[Opening DATA IN THIS EXERCISE section]

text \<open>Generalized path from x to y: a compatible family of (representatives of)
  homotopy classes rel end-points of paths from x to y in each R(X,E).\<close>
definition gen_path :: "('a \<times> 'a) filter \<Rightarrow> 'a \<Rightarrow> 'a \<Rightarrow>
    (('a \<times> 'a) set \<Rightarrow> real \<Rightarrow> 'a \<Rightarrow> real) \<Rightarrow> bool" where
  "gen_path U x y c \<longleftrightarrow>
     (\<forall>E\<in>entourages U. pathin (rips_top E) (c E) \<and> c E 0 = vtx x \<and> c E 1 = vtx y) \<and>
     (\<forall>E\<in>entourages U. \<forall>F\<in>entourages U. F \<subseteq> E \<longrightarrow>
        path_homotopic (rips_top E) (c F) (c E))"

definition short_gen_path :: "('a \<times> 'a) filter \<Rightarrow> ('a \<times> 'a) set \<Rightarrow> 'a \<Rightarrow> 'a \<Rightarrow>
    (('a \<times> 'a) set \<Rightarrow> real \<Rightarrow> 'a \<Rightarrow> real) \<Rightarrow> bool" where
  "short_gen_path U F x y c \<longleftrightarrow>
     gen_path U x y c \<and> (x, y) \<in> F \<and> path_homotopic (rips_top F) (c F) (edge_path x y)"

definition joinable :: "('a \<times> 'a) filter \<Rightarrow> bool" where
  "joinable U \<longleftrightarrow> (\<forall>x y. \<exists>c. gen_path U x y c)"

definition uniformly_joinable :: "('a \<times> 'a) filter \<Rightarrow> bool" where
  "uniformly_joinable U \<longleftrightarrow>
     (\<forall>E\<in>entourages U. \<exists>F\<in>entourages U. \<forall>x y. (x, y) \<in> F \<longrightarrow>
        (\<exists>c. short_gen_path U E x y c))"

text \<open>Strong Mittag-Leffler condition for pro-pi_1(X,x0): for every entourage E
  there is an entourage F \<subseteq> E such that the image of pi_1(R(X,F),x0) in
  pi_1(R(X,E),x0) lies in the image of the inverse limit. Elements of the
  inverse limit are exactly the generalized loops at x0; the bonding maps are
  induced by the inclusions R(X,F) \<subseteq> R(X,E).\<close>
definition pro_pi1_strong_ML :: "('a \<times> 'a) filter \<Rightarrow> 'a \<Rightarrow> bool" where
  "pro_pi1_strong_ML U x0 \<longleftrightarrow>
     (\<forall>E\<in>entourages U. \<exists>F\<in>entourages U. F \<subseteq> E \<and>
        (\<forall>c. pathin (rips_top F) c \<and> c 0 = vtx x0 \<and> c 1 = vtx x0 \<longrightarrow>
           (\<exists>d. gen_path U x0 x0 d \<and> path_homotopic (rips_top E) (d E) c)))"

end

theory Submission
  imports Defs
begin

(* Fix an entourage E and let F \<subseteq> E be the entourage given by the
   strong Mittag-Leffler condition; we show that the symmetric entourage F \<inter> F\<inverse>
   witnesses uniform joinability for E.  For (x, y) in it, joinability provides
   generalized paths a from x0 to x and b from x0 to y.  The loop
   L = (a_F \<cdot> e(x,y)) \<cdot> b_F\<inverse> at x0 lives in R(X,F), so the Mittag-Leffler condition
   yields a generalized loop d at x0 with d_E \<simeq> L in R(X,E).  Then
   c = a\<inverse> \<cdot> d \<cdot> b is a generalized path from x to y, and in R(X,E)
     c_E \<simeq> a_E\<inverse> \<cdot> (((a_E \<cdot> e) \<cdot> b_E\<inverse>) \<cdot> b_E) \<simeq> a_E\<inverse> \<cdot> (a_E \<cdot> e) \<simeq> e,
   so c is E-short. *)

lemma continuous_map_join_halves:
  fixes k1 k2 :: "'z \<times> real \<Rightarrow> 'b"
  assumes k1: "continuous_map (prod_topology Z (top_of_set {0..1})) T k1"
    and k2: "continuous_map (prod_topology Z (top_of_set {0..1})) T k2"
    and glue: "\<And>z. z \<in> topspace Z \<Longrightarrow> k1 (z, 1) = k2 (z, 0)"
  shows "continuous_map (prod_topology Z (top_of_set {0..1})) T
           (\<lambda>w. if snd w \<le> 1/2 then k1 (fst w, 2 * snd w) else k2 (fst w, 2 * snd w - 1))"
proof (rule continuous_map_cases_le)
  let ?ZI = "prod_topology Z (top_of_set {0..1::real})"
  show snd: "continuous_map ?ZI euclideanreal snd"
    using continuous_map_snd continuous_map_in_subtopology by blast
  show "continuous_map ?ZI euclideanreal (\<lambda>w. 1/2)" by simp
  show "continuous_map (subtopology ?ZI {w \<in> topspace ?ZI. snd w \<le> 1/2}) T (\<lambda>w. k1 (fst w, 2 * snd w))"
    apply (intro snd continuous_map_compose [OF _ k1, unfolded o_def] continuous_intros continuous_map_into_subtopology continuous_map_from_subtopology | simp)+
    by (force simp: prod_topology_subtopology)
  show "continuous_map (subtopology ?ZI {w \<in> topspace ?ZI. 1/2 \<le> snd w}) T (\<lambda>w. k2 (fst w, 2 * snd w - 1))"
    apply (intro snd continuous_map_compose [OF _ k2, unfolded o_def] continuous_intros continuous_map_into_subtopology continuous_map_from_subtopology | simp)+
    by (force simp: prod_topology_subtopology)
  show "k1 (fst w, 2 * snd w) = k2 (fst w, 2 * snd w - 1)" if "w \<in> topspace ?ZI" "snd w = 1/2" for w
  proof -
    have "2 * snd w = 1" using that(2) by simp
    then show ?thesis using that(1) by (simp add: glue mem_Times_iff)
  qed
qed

[Closing DATA IN THIS EXERCISE section]

TO DO –
Nothing but the lines from the beginning of the records through the line with "filter \<Rightarrow> 'a \<Rightarrow> 'a \<Rightarrow>" should appear, each printed exactly.

THE COMPLETED TASK –
text \<open>Generalized path from x to y: a compatible family of (representatives of)
  homotopy classes rel end-points of paths from x to y in each R(X,E).\<close>
definition gen_path :: "('a \<times> 'a) filter \<Rightarrow> 'a \<Rightarrow> 'a \<Rightarrow>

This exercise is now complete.